» **TASK STATEMENT**: Please repeat exactly the lines below from the one containing "text \<open>Each triangle" down to the one containing "- 7\<alpha>\<^sub>0 +", both included, and nothing else.

* * * * * * *

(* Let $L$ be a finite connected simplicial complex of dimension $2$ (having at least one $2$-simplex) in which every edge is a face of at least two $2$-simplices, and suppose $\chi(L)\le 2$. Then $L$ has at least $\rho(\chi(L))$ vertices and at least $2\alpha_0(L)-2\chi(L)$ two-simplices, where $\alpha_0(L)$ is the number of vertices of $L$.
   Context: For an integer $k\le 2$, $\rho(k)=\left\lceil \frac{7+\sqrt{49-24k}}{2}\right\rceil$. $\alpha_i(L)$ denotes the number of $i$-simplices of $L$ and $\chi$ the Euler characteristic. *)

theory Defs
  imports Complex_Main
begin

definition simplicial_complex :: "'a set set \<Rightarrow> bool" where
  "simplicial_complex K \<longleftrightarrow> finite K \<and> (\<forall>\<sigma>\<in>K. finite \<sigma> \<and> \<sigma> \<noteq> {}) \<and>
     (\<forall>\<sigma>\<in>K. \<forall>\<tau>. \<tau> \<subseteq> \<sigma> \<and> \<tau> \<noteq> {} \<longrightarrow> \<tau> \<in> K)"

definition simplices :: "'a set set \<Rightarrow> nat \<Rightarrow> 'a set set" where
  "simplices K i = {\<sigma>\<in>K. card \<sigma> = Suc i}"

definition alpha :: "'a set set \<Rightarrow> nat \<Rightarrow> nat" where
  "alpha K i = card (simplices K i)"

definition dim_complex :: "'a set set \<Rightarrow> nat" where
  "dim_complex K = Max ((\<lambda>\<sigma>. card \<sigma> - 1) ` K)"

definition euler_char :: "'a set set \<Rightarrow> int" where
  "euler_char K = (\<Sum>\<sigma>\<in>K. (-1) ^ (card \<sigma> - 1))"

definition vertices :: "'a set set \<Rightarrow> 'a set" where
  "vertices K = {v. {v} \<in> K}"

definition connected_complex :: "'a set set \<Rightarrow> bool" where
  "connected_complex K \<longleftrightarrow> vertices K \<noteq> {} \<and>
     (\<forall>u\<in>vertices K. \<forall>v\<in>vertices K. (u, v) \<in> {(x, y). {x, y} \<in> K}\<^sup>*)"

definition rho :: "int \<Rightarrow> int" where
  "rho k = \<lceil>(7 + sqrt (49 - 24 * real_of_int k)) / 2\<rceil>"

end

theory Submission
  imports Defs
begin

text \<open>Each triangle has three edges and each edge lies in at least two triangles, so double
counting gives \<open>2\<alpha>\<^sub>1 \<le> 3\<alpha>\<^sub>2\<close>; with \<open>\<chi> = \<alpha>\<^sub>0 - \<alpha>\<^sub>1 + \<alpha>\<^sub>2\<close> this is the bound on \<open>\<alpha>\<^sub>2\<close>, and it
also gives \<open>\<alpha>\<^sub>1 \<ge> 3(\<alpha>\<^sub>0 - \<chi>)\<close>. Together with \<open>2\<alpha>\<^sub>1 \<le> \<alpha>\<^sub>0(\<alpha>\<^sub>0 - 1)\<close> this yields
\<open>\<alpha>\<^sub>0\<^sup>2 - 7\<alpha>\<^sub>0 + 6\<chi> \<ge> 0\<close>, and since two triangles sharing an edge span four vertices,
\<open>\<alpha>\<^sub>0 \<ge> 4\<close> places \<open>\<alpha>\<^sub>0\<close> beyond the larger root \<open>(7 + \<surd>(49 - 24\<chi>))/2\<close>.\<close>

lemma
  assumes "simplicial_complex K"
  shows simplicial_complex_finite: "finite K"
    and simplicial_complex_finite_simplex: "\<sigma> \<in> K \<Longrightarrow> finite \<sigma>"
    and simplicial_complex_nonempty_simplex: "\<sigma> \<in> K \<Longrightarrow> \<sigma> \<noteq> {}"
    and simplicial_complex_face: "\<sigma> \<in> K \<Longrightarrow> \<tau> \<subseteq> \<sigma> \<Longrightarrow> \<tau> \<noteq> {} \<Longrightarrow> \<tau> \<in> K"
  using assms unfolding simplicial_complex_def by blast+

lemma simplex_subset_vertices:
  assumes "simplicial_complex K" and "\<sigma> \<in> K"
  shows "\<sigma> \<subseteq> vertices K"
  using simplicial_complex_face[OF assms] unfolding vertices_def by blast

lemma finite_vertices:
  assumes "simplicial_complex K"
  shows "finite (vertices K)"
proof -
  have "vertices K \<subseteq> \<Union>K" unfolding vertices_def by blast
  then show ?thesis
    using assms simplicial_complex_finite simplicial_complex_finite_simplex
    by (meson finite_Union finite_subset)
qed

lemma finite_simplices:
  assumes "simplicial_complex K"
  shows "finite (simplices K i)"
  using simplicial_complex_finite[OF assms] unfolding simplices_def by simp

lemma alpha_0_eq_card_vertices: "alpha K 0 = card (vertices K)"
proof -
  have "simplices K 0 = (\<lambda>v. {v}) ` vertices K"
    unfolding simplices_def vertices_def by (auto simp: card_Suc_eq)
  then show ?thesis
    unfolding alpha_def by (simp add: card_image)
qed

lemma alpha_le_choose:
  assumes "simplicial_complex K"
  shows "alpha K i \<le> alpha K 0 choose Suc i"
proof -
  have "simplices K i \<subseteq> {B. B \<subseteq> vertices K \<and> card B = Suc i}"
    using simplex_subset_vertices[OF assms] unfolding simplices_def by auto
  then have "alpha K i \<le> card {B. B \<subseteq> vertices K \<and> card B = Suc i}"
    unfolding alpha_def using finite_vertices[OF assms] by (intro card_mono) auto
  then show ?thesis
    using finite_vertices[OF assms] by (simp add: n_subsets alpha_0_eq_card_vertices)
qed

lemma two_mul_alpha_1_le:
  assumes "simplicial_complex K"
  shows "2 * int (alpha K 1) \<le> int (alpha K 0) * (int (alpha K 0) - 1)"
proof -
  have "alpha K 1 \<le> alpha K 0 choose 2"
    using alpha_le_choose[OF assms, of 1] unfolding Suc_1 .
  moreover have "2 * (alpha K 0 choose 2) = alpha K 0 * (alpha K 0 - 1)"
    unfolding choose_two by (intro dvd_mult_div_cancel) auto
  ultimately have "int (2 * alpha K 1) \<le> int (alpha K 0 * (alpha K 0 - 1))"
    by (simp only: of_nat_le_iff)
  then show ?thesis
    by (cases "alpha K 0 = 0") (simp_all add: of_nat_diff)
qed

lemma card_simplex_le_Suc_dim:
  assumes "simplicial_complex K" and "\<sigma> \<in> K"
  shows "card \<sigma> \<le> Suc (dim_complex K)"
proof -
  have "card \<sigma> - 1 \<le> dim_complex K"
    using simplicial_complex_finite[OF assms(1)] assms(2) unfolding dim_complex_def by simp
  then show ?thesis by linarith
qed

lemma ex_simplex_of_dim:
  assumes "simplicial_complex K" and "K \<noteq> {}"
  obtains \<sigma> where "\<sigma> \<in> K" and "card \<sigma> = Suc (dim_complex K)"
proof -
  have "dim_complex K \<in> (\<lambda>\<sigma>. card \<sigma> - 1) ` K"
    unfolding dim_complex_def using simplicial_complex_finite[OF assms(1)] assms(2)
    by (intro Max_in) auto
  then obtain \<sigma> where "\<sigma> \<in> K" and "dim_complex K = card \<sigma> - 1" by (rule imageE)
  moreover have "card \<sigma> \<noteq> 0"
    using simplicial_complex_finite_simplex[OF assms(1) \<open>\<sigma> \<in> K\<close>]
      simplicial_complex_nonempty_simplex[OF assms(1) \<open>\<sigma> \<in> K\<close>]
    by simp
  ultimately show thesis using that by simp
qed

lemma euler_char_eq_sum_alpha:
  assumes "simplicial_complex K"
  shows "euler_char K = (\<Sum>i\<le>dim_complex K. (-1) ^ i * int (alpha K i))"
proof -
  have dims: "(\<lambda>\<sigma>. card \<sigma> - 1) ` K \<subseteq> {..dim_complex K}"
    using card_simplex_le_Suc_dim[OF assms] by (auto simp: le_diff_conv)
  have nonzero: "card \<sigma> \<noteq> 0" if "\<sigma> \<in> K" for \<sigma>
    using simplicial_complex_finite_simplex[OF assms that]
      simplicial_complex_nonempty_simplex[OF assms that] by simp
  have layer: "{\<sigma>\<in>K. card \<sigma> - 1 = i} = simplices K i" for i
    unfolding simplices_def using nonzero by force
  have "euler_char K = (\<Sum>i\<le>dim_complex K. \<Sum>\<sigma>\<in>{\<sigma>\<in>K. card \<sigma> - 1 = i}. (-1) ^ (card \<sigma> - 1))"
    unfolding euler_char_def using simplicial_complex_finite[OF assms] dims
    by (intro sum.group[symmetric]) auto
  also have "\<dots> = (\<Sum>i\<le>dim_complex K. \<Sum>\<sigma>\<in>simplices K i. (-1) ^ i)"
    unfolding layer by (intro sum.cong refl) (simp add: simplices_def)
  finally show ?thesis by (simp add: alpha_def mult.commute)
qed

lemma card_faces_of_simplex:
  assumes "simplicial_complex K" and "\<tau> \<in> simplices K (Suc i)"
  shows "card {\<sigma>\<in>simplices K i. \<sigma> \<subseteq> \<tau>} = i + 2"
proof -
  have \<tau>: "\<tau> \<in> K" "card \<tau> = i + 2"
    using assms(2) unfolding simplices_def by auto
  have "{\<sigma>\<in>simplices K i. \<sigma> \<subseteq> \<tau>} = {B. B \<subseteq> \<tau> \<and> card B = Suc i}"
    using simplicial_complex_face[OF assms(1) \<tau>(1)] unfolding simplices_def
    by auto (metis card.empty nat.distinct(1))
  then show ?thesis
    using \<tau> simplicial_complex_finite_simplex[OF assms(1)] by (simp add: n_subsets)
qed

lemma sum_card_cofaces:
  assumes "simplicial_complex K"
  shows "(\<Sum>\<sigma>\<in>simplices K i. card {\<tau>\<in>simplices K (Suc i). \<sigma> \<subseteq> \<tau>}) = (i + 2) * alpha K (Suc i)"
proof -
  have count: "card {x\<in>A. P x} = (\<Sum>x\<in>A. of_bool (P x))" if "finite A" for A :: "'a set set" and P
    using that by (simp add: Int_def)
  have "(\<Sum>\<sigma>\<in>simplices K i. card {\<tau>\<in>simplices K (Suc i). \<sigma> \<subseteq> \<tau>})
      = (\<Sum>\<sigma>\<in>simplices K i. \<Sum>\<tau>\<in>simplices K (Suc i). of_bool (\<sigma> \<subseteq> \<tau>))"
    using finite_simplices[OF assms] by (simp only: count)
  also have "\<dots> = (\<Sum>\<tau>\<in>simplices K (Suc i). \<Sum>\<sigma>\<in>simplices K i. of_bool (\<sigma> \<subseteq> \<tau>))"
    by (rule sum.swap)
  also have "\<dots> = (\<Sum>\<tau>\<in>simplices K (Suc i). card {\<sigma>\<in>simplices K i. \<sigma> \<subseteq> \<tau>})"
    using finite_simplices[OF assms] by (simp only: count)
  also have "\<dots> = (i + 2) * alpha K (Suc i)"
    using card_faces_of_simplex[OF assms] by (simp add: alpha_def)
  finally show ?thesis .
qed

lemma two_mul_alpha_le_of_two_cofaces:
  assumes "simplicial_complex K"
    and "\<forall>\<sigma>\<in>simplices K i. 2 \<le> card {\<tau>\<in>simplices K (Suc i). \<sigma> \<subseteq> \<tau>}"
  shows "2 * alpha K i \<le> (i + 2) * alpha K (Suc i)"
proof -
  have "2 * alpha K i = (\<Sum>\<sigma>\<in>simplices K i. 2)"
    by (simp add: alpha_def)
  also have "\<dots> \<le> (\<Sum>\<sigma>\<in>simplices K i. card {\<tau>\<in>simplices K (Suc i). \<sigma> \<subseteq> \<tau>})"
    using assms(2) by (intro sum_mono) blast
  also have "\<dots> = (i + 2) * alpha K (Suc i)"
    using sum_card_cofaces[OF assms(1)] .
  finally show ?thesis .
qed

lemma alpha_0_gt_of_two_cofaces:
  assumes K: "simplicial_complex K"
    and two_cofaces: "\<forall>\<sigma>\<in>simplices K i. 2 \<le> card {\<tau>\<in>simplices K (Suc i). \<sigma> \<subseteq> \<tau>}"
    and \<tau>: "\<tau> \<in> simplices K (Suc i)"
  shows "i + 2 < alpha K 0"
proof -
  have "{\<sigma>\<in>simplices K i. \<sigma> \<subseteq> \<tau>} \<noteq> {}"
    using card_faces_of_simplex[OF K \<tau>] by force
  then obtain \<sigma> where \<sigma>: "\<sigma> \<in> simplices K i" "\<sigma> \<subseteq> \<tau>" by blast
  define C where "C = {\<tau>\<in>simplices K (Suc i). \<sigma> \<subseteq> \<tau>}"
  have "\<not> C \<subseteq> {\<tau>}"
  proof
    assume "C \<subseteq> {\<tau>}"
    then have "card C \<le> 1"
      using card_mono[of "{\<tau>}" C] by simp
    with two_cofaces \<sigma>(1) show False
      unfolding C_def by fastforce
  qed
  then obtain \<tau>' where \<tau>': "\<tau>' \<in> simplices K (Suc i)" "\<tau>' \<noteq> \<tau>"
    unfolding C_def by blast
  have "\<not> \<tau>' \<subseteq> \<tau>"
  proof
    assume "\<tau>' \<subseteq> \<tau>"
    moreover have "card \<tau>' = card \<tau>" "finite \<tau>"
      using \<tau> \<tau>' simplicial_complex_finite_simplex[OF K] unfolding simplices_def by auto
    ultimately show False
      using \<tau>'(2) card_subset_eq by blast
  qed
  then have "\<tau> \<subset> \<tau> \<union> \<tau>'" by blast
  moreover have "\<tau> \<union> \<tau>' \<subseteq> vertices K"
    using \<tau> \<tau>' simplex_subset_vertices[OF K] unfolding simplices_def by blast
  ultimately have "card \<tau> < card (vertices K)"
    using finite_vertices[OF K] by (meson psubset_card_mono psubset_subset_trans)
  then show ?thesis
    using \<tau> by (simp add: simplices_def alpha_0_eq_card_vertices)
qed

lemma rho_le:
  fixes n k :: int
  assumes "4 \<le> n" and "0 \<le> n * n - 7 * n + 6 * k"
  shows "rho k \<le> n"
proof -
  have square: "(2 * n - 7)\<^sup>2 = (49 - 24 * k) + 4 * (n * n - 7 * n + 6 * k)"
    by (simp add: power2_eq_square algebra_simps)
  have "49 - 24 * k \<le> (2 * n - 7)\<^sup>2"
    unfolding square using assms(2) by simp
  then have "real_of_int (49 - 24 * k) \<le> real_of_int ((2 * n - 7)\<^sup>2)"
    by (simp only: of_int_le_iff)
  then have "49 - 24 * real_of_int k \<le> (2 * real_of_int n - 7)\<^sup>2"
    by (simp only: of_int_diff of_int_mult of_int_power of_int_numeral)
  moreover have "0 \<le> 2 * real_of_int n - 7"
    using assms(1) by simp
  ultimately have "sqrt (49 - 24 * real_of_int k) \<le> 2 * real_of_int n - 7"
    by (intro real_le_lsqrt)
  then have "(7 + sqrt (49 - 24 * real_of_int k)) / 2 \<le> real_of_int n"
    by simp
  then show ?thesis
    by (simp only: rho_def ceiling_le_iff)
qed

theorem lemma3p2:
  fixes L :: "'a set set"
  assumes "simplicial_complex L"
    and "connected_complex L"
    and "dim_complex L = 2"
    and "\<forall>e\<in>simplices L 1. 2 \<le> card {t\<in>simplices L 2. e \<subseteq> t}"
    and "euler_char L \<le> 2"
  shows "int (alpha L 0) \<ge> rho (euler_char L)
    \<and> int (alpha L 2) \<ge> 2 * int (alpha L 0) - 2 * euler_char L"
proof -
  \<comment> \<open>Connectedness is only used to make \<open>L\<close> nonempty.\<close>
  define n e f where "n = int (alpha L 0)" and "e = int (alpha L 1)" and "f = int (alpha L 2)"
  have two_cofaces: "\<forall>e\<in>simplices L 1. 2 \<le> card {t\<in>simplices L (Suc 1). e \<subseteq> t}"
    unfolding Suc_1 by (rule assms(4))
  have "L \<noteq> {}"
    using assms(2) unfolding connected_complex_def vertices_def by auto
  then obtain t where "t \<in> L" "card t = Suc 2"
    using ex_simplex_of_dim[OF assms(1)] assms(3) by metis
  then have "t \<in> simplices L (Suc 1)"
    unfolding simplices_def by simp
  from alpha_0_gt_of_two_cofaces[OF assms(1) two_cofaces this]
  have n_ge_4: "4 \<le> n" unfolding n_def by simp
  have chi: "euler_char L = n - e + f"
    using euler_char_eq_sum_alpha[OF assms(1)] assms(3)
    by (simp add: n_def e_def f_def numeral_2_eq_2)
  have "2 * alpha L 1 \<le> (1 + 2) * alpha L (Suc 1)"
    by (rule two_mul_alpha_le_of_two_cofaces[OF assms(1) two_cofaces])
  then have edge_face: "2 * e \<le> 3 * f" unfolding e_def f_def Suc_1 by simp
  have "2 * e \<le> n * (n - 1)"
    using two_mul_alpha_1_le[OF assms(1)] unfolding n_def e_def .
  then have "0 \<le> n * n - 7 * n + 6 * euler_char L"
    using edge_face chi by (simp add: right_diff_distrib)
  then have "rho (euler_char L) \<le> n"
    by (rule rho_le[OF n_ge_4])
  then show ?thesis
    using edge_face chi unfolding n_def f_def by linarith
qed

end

* * * * * * *

» **SOLUTION TO THIS TASK**:
text \<open>Each triangle has three edges and each edge lies in at least two triangles, so double
counting gives \<open>2\<alpha>\<^sub>1 \<le> 3\<alpha>\<^sub>2\<close>; with \<open>\<chi> = \<alpha>\<^sub>0 - \<alpha>\<^sub>1 + \<alpha>\<^sub>2\<close> this is the bound on \<open>\<alpha>\<^sub>2\<close>, and it
also gives \<open>\<alpha>\<^sub>1 \<ge> 3(\<alpha>\<^sub>0 - \<chi>)\<close>. Together with \<open>2\<alpha>\<^sub>1 \<le> \<alpha>\<^sub>0(\<alpha>\<^sub>0 - 1)\<close> this yields
\<open>\<alpha>\<^sub>0\<^sup>2 - 7\<alpha>\<^sub>0 + 6\<chi> \<ge> 0\<close>, and since two triangles sharing an edge span four vertices,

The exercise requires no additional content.